Copy every line in the listing that contains "Longrightarrow".
***
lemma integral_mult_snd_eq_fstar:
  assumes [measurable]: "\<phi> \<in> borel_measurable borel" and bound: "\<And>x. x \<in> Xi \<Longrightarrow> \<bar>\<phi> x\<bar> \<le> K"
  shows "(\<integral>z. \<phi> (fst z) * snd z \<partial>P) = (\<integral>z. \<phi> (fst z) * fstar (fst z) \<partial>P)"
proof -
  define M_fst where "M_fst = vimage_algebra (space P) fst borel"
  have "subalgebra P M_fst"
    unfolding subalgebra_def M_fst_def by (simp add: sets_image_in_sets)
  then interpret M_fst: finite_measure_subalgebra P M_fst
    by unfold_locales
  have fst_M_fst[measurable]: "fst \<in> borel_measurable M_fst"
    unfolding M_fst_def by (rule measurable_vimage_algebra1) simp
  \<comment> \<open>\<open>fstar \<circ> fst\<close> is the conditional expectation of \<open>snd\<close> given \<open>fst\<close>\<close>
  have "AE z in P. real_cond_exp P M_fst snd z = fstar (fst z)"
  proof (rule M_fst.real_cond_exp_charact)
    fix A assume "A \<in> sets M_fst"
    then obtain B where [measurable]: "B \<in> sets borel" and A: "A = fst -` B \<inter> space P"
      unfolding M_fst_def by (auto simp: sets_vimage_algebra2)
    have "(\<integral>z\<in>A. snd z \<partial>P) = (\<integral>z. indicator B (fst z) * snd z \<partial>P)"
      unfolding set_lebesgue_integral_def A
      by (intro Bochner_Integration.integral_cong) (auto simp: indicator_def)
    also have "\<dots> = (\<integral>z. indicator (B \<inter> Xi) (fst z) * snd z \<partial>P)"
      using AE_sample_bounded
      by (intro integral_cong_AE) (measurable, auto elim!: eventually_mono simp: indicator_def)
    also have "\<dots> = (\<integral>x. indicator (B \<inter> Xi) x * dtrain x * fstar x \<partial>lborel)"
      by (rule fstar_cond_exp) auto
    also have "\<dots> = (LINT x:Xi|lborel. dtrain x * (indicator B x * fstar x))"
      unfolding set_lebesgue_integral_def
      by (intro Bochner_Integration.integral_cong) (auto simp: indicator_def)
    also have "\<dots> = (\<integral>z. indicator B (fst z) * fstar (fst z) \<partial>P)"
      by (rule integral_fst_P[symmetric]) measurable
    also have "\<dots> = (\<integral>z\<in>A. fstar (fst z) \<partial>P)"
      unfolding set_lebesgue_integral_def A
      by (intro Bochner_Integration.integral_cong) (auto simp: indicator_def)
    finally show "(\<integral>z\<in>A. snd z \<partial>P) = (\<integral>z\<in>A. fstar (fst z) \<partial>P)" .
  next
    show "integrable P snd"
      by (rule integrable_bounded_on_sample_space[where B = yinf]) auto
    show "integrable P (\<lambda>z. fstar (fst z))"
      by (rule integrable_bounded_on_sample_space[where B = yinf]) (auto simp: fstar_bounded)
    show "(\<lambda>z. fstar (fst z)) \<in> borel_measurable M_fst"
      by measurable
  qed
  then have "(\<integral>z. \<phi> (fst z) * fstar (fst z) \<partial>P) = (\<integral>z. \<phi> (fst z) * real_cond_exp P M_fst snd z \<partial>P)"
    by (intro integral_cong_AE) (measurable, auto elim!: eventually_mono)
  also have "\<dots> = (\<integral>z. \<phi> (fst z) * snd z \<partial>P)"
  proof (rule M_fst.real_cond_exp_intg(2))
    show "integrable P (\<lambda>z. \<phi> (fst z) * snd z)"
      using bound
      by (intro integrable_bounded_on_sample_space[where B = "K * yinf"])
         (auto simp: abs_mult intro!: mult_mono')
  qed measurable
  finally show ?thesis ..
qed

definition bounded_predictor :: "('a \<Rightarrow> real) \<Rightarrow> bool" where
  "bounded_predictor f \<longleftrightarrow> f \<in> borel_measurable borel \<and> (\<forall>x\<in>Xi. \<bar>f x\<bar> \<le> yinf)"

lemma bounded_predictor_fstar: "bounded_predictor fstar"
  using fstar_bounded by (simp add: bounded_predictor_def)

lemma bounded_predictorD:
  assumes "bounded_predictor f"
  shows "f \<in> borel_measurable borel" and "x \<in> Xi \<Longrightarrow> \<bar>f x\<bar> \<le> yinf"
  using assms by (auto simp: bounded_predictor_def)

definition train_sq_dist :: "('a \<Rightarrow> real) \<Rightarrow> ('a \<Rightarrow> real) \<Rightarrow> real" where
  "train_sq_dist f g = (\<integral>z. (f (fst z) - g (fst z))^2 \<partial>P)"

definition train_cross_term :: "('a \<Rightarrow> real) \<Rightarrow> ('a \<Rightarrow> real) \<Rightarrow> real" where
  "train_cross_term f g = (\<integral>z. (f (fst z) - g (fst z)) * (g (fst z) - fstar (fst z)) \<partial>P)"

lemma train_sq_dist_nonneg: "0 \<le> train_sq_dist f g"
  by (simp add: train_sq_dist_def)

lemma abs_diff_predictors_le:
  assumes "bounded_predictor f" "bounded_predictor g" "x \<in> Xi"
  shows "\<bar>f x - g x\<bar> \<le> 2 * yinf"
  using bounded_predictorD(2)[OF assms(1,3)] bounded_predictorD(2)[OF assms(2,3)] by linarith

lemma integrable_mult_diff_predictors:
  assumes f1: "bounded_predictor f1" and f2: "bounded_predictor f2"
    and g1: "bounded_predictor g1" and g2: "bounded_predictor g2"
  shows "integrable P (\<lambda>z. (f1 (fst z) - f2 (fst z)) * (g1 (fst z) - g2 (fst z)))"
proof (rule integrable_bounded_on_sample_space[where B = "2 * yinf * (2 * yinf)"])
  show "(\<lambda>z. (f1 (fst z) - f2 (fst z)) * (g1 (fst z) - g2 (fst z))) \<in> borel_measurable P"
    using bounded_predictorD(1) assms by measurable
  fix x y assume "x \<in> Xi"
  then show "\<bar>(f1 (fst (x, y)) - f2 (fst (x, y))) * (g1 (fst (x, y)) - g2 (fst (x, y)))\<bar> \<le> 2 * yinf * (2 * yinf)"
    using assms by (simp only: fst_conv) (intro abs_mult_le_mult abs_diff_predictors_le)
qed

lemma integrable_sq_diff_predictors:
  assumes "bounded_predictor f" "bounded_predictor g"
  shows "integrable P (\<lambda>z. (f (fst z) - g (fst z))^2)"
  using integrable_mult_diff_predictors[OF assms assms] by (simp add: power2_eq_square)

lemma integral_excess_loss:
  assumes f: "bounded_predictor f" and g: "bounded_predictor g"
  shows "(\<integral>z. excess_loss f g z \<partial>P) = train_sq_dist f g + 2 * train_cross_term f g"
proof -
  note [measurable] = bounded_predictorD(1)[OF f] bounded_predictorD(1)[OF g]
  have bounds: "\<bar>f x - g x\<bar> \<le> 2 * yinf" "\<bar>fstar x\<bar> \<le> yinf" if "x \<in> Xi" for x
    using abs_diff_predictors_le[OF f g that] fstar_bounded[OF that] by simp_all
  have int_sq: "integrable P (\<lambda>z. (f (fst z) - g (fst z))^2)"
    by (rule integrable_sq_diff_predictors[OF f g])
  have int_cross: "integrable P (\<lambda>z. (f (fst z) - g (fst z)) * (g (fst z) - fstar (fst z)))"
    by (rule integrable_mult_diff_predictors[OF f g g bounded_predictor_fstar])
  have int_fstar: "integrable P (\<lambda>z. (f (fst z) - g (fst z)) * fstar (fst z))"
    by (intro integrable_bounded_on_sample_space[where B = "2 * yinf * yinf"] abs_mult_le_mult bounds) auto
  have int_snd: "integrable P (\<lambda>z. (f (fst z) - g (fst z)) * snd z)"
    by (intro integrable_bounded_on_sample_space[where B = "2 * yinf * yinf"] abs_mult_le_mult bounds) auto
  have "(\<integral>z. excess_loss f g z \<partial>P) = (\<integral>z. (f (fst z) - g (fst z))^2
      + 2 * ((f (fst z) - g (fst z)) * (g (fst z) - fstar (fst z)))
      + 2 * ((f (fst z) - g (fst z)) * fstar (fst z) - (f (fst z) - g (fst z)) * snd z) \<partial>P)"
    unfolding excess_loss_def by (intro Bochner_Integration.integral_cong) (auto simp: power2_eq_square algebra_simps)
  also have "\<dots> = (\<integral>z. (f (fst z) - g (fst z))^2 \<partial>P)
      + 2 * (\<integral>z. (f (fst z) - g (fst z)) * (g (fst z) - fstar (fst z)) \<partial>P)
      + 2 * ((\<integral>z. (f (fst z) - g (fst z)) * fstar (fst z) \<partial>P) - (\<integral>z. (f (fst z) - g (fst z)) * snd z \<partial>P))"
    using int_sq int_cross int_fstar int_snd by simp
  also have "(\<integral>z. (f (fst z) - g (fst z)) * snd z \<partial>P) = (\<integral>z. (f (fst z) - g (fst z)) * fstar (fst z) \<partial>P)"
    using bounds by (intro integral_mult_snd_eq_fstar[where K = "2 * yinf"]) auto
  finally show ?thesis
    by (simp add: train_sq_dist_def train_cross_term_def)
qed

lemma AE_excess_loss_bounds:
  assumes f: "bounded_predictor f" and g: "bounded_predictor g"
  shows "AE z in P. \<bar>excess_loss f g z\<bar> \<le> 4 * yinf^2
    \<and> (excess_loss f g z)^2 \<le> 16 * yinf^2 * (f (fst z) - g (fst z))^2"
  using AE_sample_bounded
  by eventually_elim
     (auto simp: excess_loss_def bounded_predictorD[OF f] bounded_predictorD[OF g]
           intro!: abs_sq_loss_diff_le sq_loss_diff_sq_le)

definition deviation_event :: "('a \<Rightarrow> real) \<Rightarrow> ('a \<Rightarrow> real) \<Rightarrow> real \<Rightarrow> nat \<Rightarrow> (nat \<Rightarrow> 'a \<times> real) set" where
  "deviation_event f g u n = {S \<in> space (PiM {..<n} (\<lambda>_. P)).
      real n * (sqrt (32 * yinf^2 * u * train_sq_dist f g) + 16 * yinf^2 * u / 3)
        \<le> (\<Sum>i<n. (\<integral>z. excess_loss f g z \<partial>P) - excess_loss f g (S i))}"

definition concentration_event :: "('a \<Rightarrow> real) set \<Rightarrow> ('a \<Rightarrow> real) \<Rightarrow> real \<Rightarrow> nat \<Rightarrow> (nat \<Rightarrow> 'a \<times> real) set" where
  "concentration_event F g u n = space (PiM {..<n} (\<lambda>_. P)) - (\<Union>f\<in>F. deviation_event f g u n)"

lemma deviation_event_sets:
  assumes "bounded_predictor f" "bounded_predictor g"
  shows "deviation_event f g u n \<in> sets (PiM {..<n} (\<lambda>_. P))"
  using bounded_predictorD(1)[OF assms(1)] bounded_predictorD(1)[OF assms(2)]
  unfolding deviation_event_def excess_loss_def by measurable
***
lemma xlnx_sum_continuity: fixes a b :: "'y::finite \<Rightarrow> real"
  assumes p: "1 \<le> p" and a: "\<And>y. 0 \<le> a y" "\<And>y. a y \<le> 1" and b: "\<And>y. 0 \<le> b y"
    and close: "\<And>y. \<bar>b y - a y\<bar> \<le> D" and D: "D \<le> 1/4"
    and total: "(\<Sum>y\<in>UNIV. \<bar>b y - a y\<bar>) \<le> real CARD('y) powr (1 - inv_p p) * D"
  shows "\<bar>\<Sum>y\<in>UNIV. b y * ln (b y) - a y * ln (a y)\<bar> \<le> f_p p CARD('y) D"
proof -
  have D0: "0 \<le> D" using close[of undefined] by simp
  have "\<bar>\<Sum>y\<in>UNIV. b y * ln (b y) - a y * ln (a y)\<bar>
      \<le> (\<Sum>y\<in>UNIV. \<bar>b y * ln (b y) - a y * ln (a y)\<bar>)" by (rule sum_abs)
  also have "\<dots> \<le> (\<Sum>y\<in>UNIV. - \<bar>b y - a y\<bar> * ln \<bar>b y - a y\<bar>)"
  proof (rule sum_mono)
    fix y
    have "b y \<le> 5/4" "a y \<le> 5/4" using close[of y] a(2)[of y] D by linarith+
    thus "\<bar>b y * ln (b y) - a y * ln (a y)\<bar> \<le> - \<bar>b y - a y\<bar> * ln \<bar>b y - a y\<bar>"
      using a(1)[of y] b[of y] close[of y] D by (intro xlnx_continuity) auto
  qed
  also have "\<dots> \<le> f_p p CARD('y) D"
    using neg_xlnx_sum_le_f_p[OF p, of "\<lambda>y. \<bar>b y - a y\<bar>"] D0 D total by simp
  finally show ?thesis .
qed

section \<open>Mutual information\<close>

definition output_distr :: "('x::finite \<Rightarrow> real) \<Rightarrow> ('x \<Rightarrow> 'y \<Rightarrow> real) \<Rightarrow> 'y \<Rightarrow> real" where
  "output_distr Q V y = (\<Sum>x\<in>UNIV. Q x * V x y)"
***
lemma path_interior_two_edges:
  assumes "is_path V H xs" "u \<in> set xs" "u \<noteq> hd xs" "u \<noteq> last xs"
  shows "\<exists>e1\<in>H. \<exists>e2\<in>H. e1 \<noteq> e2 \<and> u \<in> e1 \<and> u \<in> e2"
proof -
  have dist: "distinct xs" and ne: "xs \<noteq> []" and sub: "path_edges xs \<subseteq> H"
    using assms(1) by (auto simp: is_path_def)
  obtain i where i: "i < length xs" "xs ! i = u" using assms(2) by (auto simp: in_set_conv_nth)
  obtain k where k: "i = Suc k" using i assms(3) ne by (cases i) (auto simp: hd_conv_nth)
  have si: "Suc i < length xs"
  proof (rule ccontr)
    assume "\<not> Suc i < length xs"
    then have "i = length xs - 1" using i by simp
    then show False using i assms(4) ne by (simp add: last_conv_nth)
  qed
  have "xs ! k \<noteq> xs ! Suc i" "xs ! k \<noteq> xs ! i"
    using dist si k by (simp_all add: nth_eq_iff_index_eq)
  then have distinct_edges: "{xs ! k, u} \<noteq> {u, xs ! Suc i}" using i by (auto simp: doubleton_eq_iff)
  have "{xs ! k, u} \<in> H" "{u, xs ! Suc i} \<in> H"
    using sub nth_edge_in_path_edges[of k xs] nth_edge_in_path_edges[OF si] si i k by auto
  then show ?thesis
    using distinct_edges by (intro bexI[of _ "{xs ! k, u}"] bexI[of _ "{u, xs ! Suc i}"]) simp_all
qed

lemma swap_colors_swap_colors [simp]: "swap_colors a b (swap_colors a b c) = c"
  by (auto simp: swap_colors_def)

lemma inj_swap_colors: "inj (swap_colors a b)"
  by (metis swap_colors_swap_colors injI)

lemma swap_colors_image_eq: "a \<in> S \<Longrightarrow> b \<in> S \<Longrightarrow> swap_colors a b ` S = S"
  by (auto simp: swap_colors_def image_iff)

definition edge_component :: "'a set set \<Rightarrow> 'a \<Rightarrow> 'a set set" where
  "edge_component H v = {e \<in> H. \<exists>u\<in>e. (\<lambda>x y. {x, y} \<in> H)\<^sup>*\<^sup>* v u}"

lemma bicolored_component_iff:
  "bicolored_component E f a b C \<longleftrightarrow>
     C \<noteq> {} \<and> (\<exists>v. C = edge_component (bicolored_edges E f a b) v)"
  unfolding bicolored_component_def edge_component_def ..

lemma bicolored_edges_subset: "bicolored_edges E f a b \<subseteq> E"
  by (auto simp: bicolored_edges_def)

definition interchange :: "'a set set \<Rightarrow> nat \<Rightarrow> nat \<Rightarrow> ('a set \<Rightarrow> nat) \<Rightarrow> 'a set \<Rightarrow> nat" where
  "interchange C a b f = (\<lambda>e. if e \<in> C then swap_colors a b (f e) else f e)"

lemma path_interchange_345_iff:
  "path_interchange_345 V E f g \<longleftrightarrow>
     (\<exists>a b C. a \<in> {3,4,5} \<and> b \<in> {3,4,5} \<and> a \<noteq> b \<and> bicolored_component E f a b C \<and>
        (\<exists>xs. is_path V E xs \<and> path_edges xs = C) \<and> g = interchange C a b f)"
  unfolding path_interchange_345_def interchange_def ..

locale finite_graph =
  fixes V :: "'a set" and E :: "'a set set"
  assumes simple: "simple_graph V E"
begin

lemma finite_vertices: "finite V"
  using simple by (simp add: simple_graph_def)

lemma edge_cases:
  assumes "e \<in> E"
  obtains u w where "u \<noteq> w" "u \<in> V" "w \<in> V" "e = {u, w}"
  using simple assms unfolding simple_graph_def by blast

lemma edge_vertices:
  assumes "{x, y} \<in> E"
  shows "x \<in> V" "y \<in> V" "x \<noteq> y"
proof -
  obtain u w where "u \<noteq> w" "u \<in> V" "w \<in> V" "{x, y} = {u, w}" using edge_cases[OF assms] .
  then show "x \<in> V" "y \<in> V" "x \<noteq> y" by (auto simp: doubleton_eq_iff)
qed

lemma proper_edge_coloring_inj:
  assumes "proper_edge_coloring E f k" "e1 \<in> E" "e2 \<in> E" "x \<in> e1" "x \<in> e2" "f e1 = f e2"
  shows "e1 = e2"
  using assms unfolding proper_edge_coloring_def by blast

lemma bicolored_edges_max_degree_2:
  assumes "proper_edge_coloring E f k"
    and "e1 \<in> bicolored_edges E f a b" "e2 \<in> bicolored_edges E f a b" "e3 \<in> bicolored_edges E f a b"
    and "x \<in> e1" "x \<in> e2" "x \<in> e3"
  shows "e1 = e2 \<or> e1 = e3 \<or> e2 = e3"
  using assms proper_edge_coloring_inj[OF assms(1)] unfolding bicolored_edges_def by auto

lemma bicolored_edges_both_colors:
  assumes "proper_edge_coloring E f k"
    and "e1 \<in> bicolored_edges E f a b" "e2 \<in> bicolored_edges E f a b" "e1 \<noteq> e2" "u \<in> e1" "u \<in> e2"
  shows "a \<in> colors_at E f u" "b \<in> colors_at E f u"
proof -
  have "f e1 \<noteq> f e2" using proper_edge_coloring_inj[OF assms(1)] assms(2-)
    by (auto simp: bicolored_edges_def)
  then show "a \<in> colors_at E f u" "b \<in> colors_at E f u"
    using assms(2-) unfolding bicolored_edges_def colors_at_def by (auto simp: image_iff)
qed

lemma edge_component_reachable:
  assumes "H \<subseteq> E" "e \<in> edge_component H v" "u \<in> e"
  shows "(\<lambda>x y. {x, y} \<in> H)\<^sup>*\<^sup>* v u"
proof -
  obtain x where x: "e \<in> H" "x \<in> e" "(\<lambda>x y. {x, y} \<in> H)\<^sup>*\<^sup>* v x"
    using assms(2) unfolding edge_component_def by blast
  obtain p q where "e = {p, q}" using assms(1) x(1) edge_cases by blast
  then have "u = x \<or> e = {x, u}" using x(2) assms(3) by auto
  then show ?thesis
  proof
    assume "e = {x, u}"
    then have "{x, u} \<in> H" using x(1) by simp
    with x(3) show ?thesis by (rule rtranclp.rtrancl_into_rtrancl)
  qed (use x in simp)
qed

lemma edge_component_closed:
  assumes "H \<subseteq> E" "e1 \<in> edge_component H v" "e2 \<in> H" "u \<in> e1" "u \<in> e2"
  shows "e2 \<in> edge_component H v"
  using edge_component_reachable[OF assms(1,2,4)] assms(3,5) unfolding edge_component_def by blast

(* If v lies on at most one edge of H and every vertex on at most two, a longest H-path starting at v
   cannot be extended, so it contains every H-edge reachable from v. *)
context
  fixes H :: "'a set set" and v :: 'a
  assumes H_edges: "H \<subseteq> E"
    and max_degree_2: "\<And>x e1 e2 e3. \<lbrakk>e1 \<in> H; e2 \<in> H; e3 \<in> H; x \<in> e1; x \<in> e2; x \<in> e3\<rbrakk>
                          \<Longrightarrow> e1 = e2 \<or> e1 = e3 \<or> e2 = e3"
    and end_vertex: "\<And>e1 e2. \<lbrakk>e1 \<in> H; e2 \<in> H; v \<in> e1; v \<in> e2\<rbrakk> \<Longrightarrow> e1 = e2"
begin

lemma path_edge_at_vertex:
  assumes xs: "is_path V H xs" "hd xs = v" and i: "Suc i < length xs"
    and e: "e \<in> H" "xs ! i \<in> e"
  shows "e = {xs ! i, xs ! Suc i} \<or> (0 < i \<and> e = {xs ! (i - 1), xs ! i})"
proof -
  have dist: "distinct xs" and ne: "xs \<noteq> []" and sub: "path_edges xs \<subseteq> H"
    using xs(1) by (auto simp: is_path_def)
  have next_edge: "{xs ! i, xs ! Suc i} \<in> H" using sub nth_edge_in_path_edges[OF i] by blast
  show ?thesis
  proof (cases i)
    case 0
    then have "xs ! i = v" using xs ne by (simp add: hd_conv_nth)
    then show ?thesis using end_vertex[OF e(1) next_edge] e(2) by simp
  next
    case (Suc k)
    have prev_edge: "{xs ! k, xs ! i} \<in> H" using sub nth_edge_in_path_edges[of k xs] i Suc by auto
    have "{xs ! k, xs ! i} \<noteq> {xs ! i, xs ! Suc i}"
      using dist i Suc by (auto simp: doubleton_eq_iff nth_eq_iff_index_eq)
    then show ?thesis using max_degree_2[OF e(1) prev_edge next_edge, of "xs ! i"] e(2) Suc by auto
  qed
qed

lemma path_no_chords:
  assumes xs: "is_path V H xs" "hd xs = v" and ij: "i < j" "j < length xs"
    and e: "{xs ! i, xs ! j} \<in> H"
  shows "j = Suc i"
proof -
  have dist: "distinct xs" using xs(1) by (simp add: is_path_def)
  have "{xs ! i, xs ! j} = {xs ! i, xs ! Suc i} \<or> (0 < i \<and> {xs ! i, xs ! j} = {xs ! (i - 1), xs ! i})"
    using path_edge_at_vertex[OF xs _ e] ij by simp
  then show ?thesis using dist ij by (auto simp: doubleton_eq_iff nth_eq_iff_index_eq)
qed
***
▶ Solved problem
  assumes [measurable]: "\<phi> \<in> borel_measurable borel" and bound: "\<And>x. x \<in> Xi \<Longrightarrow> \<bar>\<phi> x\<bar> \<le> K"
  shows "f \<in> borel_measurable borel" and "x \<in> Xi \<Longrightarrow> \<bar>f x\<bar> \<le> yinf"
lemma swap_colors_image_eq: "a \<in> S \<Longrightarrow> b \<in> S \<Longrightarrow> swap_colors a b ` S = S"
                          \<Longrightarrow> e1 = e2 \<or> e1 = e3 \<or> e2 = e3"
    and end_vertex: "\<And>e1 e2. \<lbrakk>e1 \<in> H; e2 \<in> H; v \<in> e1; v \<in> e2\<rbrakk> \<Longrightarrow> e1 = e2"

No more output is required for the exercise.